There were 67 variables with more thatn 90% of missings, we will remove them.

```{r,echo=TRUE, cache=TRUE}
nzv <- nearZeroVar(tr2, saveMetrics= TRUE)
table(nzv$nzv)
tr3<-tr2[,!nzv$nzv]
```

Even though Tree based methods can handle near zero variance variables, we will remove them.

# Model Fitting

We chose to fit a boosting classifier, specifically the gradient boosting tree classifier, due to its good performance out of the box and its robustness in the precence of missings, sparse variables, etc.


## Training control and MetaParameter tuning

The control will be done using cross validation. Initially we we prepare a metaparameter grids for tuning, but it was very expensive computationaly and decided not to tune using a custom grid. 

```{r,echo=TRUE,cache=TRUE}

fitControl <- trainControl(## 10-fold CV
  method = "cv",
  number = 10)
#
#xgbtree.grid<-expand.grid(nrounds = c(1, 10, 20),
#                          max_depth = c(1, 4),
#                          eta = c(.1, .4),
#                          gamma = 0,
#                          colsample_bytree = .7,
#                          min_child_weight = 1,
#                          subsample = c(.8, 1))
```


```{r,echo=TRUE,cache=TRUE}
```


## Model Fitting

The training is done using random gradient boosting with trees, as implemented in gbm
```{r,echo=TRUE,cache=TRUE}
modelo <- train(classe ~ ., 
                data = tr3 , 
                method = "gbm", 
                trControl = fitControl,
               # tuneGrid=xgbtree.grid, 
                verbose = FALSE,
                na.action=na.pass)
plot(modelo)
```

 As we see the model has very high accuracy. The following shows accuracy and kappa the ten folds
 
 ```{r, echo=TRUE, cache=TRUE}
 
 modelo$resample
 
 ```

## Testing

Finally, even though then model has very good accuracy in the training, we think it is not due to overfitting. 

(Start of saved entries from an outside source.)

(* Let $J_1,J_2$ be cones with joins. Then ${\rm Lin}(J_1,J_2)$, with pointwise operations and the order $\le_L$, is a cone with joins, and for every family $(L_i)_{i\in I}\subset{\rm Lin}(J_1,J_2)$ and $v\in J_1$: $$\Big(\textstyle\sup^L_{i\in I}L_i\Big)(v)=\sup\Big\{\sum_{j=1}^nL_{i_j}(v_j):\ n\ge1,\ i_1,\dots,i_n\in I,\ v_1,\dots,v_n\in J_1,\ \sum_{j=1}^nv_j=v\Big\},$$ $$\Big(\textstyle\inf^L_{i\in I}L_i\Big)(v)=\inf\Big\{\sum_{j=1}^nL_{i_j}(v_j):\ n\ge1,\ i_1,\dots,i_n\in I,\ v_1,\dots,v_n\in J_1,\ \sum_{j=1}^nv_j=v\Big\},$$ where $\sup^L,\inf^L$ are supremum and infimum with respect to $\le_L$, and for $I=\emptyset$ the infimum is the map equal to $0$ at $0$ and to $\infty$ elsewhere (and the supremum is the zero map). In particular $(L_1\vee_LL_2)(v)=\sup_{v_1+v_2=v}L_1(v_1)+L_2(v_2)$ and $(L_1\wedge_LL_2)(v)=\inf_{v_1+v_2=v}L_1(v_1)+L_2(v_2)$. Moreover, $\le_L$ coincides with the pointwise order on ${\rm Lin}(J_1,J_2)$.
   Context: A prewedge is a set $W$ with a commutative associative addition with neutral element $0$ and a multiplication $[0,\infty)\times W\to W$ such that $\lambda(\eta v)=(\lambda\eta)v$, $0v=0$, $1v=v$, $(\lambda+\eta)v=\lambda v+\eta v$, $\lambda(v+w)=\lambda v+\lambda w$; it carries the preorder $v\le w$ iff $v+z=w$ for some $z$. A wedge is a prewedge in which $\le$ is antisymmetric and $v=\sup_{\eta<1}\eta v$ for every $v$. A cone is a wedge in which every directed subset (every finite subset of it, including the empty one, has an upper bound in it) has a supremum; its maximum is denoted $\infty$. A cone with joins is a cone $J$ in which every subset $A$ has an infimum and $\inf(v+A)=v+\inf A$ for all $v\in J$, $A\subset J$. A map $L:W_1\to W_2$ between prewedges is linear if $L(\lambda_1v_1+\lambda_2v_2)=\lambda_1L(v_1)+\lambda_2L(v_2)$ for all $\lambda_i\ge0$, $v_i\in W_1$. ${\rm Lin}(W_1,W_2)$ is the set of linear maps with pointwise sum and scalar multiplication, and $L_1\le_LL_2$ iff $L_1+M=L_2$ for some $M\in{\rm Lin}(W_1,W_2)$. *)

theory Defs
  imports Complex_Main
begin

text \<open>A (pre)wedge is represented by an explicit carrier set together with
  its addition, neutral element and scalar multiplication (only scalars
  \<open>\<lambda> \<ge> 0\<close> are meaningful).\<close>

record 'a pwstr =
  wcar :: "'a set"
  wadd :: "'a \<Rightarrow> 'a \<Rightarrow> 'a"
  wzero :: 'a
  wsmul :: "real \<Rightarrow> 'a \<Rightarrow> 'a"

definition prewedge :: "('a, 'm) pwstr_scheme \<Rightarrow> bool" where
  "prewedge W \<longleftrightarrow>
     wzero W \<in> wcar W \<and>
     (\<forall>v\<in>wcar W. \<forall>w\<in>wcar W. wadd W v w \<in> wcar W) \<and>
     (\<forall>l\<ge>0. \<forall>v\<in>wcar W. wsmul W l v \<in> wcar W) \<and>
     (\<forall>v\<in>wcar W. \<forall>w\<in>wcar W. wadd W v w = wadd W w v) \<and>
     (\<forall>u\<in>wcar W. \<forall>v\<in>wcar W. \<forall>w\<in>wcar W. wadd W (wadd W u v) w = wadd W u (wadd W v w)) \<and>
     (\<forall>v\<in>wcar W. wadd W v (wzero W) = v) \<and>
     (\<forall>l\<ge>0. \<forall>e\<ge>0. \<forall>v\<in>wcar W. wsmul W l (wsmul W e v) = wsmul W (l * e) v) \<and>
     (\<forall>v\<in>wcar W. wsmul W 0 v = wzero W) \<and>
     (\<forall>v\<in>wcar W. wsmul W 1 v = v) \<and>
     (\<forall>l\<ge>0. \<forall>e\<ge>0. \<forall>v\<in>wcar W. wsmul W (l + e) v = wadd W (wsmul W l v) (wsmul W e v)) \<and>
     (\<forall>l\<ge>0. \<forall>v\<in>wcar W. \<forall>w\<in>wcar W. wsmul W l (wadd W v w) = wadd W (wsmul W l v) (wsmul W l w))"

definition wle :: "('a, 'm) pwstr_scheme \<Rightarrow> 'a \<Rightarrow> 'a \<Rightarrow> bool" where
  "wle W v w \<longleftrightarrow> v \<in> wcar W \<and> w \<in> wcar W \<and> (\<exists>z\<in>wcar W. wadd W v z = w)"

definition is_lub :: "('a, 'm) pwstr_scheme \<Rightarrow> 'a set \<Rightarrow> 'a \<Rightarrow> bool" where
  "is_lub W A s \<longleftrightarrow> s \<in> wcar W \<and> (\<forall>a\<in>A. wle W a s) \<and>
     (\<forall>u\<in>wcar W. (\<forall>a\<in>A. wle W a u) \<longrightarrow> wle W s u)"

definition is_glb :: "('a, 'm) pwstr_scheme \<Rightarrow> 'a set \<Rightarrow> 'a \<Rightarrow> bool" where
  "is_glb W A s \<longleftrightarrow> s \<in> wcar W \<and> (\<forall>a\<in>A. wle W s a) \<and>
     (\<forall>u\<in>wcar W. (\<forall>a\<in>A. wle W u a) \<longrightarrow> wle W u s)"

definition wedge :: "('a, 'm) pwstr_scheme \<Rightarrow> bool" where
  "wedge W \<longleftrightarrow> prewedge W \<and>
     (\<forall>v\<in>wcar W. \<forall>w\<in>wcar W. wle W v w \<and> wle W w v \<longrightarrow> v = w) \<and>
     (\<forall>v\<in>wcar W. is_lub W {wsmul W e v | e. 0 \<le> e \<and> e < 1} v)"

text \<open>Directed subset: every finite subset (including the empty one) has an
  upper bound inside the set.\<close>
definition directed :: "('a, 'm) pwstr_scheme \<Rightarrow> 'a set \<Rightarrow> bool" where
  "directed W D \<longleftrightarrow> D \<subseteq> wcar W \<and>
     (\<forall>F. finite F \<and> F \<subseteq> D \<longrightarrow> (\<exists>u\<in>D. \<forall>a\<in>F. wle W a u))"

We proceed to validate this against our hold out sample, which is 30% of the observations of the file "mpl-training.csv"

As we see in the confusion matrix, the accuracy is as good as we expected.
```{r,echo=TRUE,cache=TRUE}
pred <- predict(modelo, testing)
cmtx<-confusionMatrix(pred,testing$classe)
print(cmtx)
```
This is a table of predicted vs observed, 96% of the observation falls in the diagonal.
```{r, echo=TRUE, cache=TRUE}
table(pred,testing$classe)
```

Finally we predict the 20 testing cases in file "pml-testing.csv", we are saving them outside the github repo.

```{r,echo=TRUE,cache=TRUE}
to.predict<-read.csv("pml-testing.csv")
pred.test <- predict(modelo, to.predict)
write.csv(pred.test,"../predicciones.csv")
```
# Final Quizz
The model was able to correctly classify the 20 cases and got an score of 20/20 in the final Quizz.

# References

Ugulino, W., Cardador, D., Vega, K., Velloso, E., Milidiu, R., & Fuks, H. (2012). Wearable computing: Accelerometers' data classification of body postures and movements. In Advances in Artificial Intelligence-SBIA 2012 (pp. 52-61). Springer, Berlin, Heidelberg.

Ridgeway, G., & Ridgeway, M. G. (2004). The gbm package. R Foundation for Statistical Computing, Vienna, Austria, 5(3).

Kuhn, M. (2008). Caret package. Journal of statistical software, 28(5), 1-26.